Quando Rosabelle si affiancò a
noi, Jean-Luc saltò a bordo per
scattare alcune fotografie, e
l’Etap sopportò il peso aggiuntivo senza lamentarsene. Persino
noi ci muovemmo da una es tremità all’altra della barca senza
alterarne l’equilibrio. Mentre la
barca si riempiva, Jean-Luc e
Vincent avevano visto un
enorme tronco d’albero che
galleggiava ad una breve
distanza alla nostra prua.. Per un
momento pensarono che forse
non avremmo affatto avuto
bisogno di aprire noi le vie d’acqua. Questo era anche un modo di ricordarci lo scopo della
nostra prova. Una barca inaffondabile non è pensata per navigare ore ed ore piena d’acqua,
con l’equipaggio che sta lì a far niente, come noi. L’intento è quello di permettere un
margine di sicurezza, così che l’equipaggio abbia il tempo di cercare la via d’acqua,
chiuderla in qualche modo, di rimuovere l’acqua entrata e di riprendere la rotta, di nuovo.
Oramai le bianche falesie di Dover erano in vista e decidemmo di continuare l’esperimento,
chiudere le valvole delle vie d’acqua e rimuovere l’acqua dall’interno. Uno di noi utilizzava il secchio, l’altro agiva sulla pompa di sentina fissa. Chi otteneva il miglior risultato?

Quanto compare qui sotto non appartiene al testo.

(* For every $p\ge 1$, the joint distribution of the endhered patterns $\pi=12\cdots p$ and $\tau=p\cdots 21$ is symmetric: $a_{n,k,m}(\pi,\tau)=a_{n,k,m}(\tau,\pi)$ for all $n,k,m$. In particular, the number of matchings of size $n$ containing exactly $k$ occurrences of $21$ and exactly $m$ occurrences of $12$ equals the number of matchings of size $n$ containing exactly $m$ occurrences of $21$ and exactly $k$ occurrences of $12$.
   Context: A matching of size $n$ is a set of $n$ arcs $(a,b)$ with $1\le a<b\le 2n$ such that each point of $\{1,\dots,2n\}$ belongs to exactly one arc; $a$ is the starting point and $b$ the ending point. An endhered pattern of size $p$ is identified with a permutation $\pi=\pi_1\dots\pi_p$ of $\{1,\dots,p\}$ (the matching on $\{1,\dots,2p\}$ whose arc ending at $p+t$ starts at $\pi_t$). A matching $\mu$ contains $\pi$ at position $(i+1,j+1)$ (integers $i\ge0$, $j\ge i+p$) if for each $s=1,\dots,p$ the pair $(i+s,\,j+\pi^{-1}(s))$ is an arc of $\mu$. Thus an occurrence of $21$ is a pair of arcs $(i+1,j+2),(i+2,j+1)$ and an occurrence of $12$ is a pair of arcs $(i+1,j+1),(i+2,j+2)$. The number of occurrences of $\pi$ in $\mu$ is the number of positions at which $\mu$ contains $\pi$; $a_{n,k,m}(\pi,\tau)$ is the number of matchings of size $n$ with exactly $k$ occurrences of $\pi$ and exactly $m$ occurrences of $\tau$. *)

theory Defs
  imports Main
begin

definition is_matching :: "nat \<Rightarrow> (nat \<times> nat) set \<Rightarrow> bool" where
  "is_matching n \<mu> \<longleftrightarrow>
     \<mu> \<subseteq> {(a, b). 1 \<le> a \<and> a < b \<and> b \<le> 2 * n} \<and>
     (\<forall>x\<in>{1..2*n}. \<exists>!e. e \<in> \<mu> \<and> (fst e = x \<or> snd e = x))"

text \<open>An endhered pattern of size p is a permutation pi of {1..p} (a function
  nat => nat, meaningful on {1..p}).  The matching mu contains pi at position
  (i+1, j+1) (with j >= i+p) if (i+s, j + pi^{-1}(s)) is an arc for s = 1..p.\<close>
definition contains_at :: "(nat \<times> nat) set \<Rightarrow> nat \<Rightarrow> (nat \<Rightarrow> nat) \<Rightarrow> nat \<Rightarrow> nat \<Rightarrow> bool" where
  "contains_at \<mu> p \<pi> i j \<longleftrightarrow>
     i + p \<le> j \<and> (\<forall>s\<in>{1..p}. (i + s, j + inv_into {1..p} \<pi> s) \<in> \<mu>)"

definition occurrences :: "(nat \<times> nat) set \<Rightarrow> nat \<Rightarrow> (nat \<Rightarrow> nat) \<Rightarrow> nat" where
  "occurrences \<mu> p \<pi> = card {(i, j). contains_at \<mu> p \<pi> i j}"

definition a_count :: "nat \<Rightarrow> nat \<Rightarrow> nat \<Rightarrow> nat \<Rightarrow> (nat \<Rightarrow> nat) \<Rightarrow> (nat \<Rightarrow> nat) \<Rightarrow> nat" where
  "a_count p n k m \<pi> \<tau> =
     card {\<mu>. is_matching n \<mu> \<and> occurrences \<mu> p \<pi> = k \<and> occurrences \<mu> p \<tau> = m}"

definition incr_pat :: "nat \<Rightarrow> nat \<Rightarrow> nat" where
  "incr_pat p t = t"

definition decr_pat :: "nat \<Rightarrow> nat \<Rightarrow> nat" where
  "decr_pat p t = p + 1 - t"

end

theory Submission
  imports Defs
begin

text \<open>Let \<open>C\<close> be the set of ending points of a matching. Reattaching every arc to the mirror
  image of its ending point within the maximal run of consecutive points of \<open>C\<close> containing it
  is an involution on matchings of size \<open>n\<close>; arcs stay forward because a starting point lies
  outside \<open>C\<close>, hence before the whole run of its ending point. The ending points of an
  occurrence of \<open>12\<cdots>p\<close> or \<open>p\<cdots>21\<close> at position \<open>(i+1, j+1)\<close> are the consecutive points
  \<open>j+1, \<dots>, j+p\<close>, so they lie in one run and get reversed: the occurrence becomes an occurrence
  of the other pattern with the same \<open>i\<close>. As an occurrence is determined by \<open>i\<close>, the involution
  exchanges the numbers of occurrences of the two patterns.\<close>

lemma is_matching_iff:
  "is_matching n \<mu> \<longleftrightarrow>
     \<mu> \<subseteq> {(a, b). 1 \<le> a \<and> a < b \<and> b \<le> 2 * n} \<and> inj_on fst \<mu> \<and> inj_on snd \<mu> \<and>
     fst ` \<mu> \<inter> snd ` \<mu> = {} \<and> fst ` \<mu> \<union> snd ` \<mu> = {1..2*n}"
    (is "_ \<longleftrightarrow> ?arcs \<and> ?inj_fst \<and> ?inj_snd \<and> ?disjoint \<and> ?cover")
proof
  assume "is_matching n \<mu>"
  then have arcs: ?arcs
    and unique: "\<And>x. x \<in> {1..2*n} \<Longrightarrow> \<exists>!e. e \<in> \<mu> \<and> (fst e = x \<or> snd e = x)"
    unfolding is_matching_def by auto
  have same_arc: "e = e'"
    if "e \<in> \<mu>" "e' \<in> \<mu>" "fst e = x \<or> snd e = x" "fst e' = x \<or> snd e' = x" for e e' x
  proof -
    have "x \<in> {1..2*n}" using that arcs by auto
    then show ?thesis using unique that by blast
  qed
  have ?inj_fst ?inj_snd by (auto intro!: inj_onI dest: same_arc)
  moreover have ?disjoint
  proof (rule ccontr)
    assume "\<not> ?disjoint"
    then obtain e e' where "e \<in> \<mu>" "e' \<in> \<mu>" "fst e = snd e'" by auto
    moreover from this have "e = e'" using same_arc by blast
    ultimately show False using arcs by auto
  qed
  moreover have ?cover
  proof
    show "fst ` \<mu> \<union> snd ` \<mu> \<subseteq> {1..2*n}" using arcs by force
    show "{1..2*n} \<subseteq> fst ` \<mu> \<union> snd ` \<mu>" using unique by blast
  qed
  ultimately show "?arcs \<and> ?inj_fst \<and> ?inj_snd \<and> ?disjoint \<and> ?cover"
    using arcs by blast
next
  assume "?arcs \<and> ?inj_fst \<and> ?inj_snd \<and> ?disjoint \<and> ?cover"
  then have arcs: ?arcs and inj: ?inj_fst ?inj_snd and disjoint: ?disjoint and cover: ?cover
    by blast+
  have "\<exists>!e. e \<in> \<mu> \<and> (fst e = x \<or> snd e = x)" if "x \<in> {1..2*n}" for x
  proof -
    have "x \<in> fst ` \<mu> \<union> snd ` \<mu>" using cover that by simp
    then obtain e where "e \<in> \<mu>" "fst e = x \<or> snd e = x" by auto
    moreover have "d' = d"
      if touch: "d \<in> \<mu>" "d' \<in> \<mu>" "fst d = x \<or> snd d = x" "fst d' = x \<or> snd d' = x" for d d'
    proof -
      have "fst d \<noteq> snd d'" "snd d \<noteq> fst d'" using touch disjoint by blast+
      then consider "fst d' = fst d" | "snd d' = snd d" using touch by metis
      then show ?thesis
        by cases (use inj touch in \<open>simp_all add: inj_on_eq_iff\<close>)
    qed
    ultimately show ?thesis by blast
  qed
  then show "is_matching n \<mu>"
    unfolding is_matching_def using arcs by blast
qed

Poiché la pompa a mano è posizionata molto in basso, non sarei sorpreso se ci fosse un
gruppo di fisioterapisti che avesse azioni dell’azienda che fabbrica la pompa stessa. Dopo
una cinquantina di pomp ate sei condannato, al momento in cui ti rialzi, ad avere mal di
schiena. D’altra parte, Jan continuò imperterrito a svuotare in mare un secchio dopo
l’altro. Alla barra ma allo stesso tempo addetto anche alla pompa, spesso sostituito da
Jean-Luc, confesso che ben presto smisi di contare le pompate. Tuttavia, combinando
l’azione della pompa e del secchio, riuscimmo a svuotare l’Etap 21i in meno di 20 minuti.
La barca riprese presto ad essere quello che era prima, uno yacht leggero, che naviga con
un movimento vivace ed allegro sollevandosi sulle onde. Siamo rientrati a Dover alle 13.15.
Missione compiuta. Dopo un’ora ripartimmo, ed arrivammo dopo sole quattro ore a Calais,
con un attraversamento eccellente.
Allora, come si è comportata la barca ?
Una via d’acqua per una barca inaffondabile è solo un inconveniente minore, come
dimostrato dal nostro esperimento. Noi abbiamo solo perso mezzo nodo di velocità e,
nonostante una barra del timone un po’ dura, la barca rimase ben bilanciata con albero ed
attrezzatura che non mostrarono segni di sforzo eccessivo, in un vento vero di 15 nodi. Ad
un certo momento, tre di noi poterono muoversi liberamente a bordo senza alcun timore di
causare uno sbilanciamento. Dopo essersi riempita d’acqua a questo modo, il riempimento
di poliuretano della barca puo’ forse necessitare di essere asciugato ed essiccato, in quanto
l’acqua può essere entrata fra lo scafo esterno ed interno attraverso aperture e guaine come
quelle per i cavi elettrici. Ne deriverebbe la necessità, dopo che la barca è stata asciugata ed
essiccata, di usare un trapano a mano per ricavare dei piccoli fori nello scafo interno, nei
punti più bassi, per drenare acqua eventualmente rimasta intrappolata. Dopo aver asciugato
l’Etap 21i a Dover con una spugna, abbiamo finito, durante il ritorno a Calais, con il
raccogliere ancora una quantità equivalente ad un secchio d’acqua. I forellini trapanati
possono poi venire riempiti con stucco poliestere. Questa è una splendida barca per le
crociere costiere o per una occasionale traversata in mare aperto, come per esempio il
passaggio da Dover a Calais. L’Etap 21i è veloce e facile da manovrare; il nostro
esperimento ne ha ampiamente dimostrato l’assoluta sicurezza.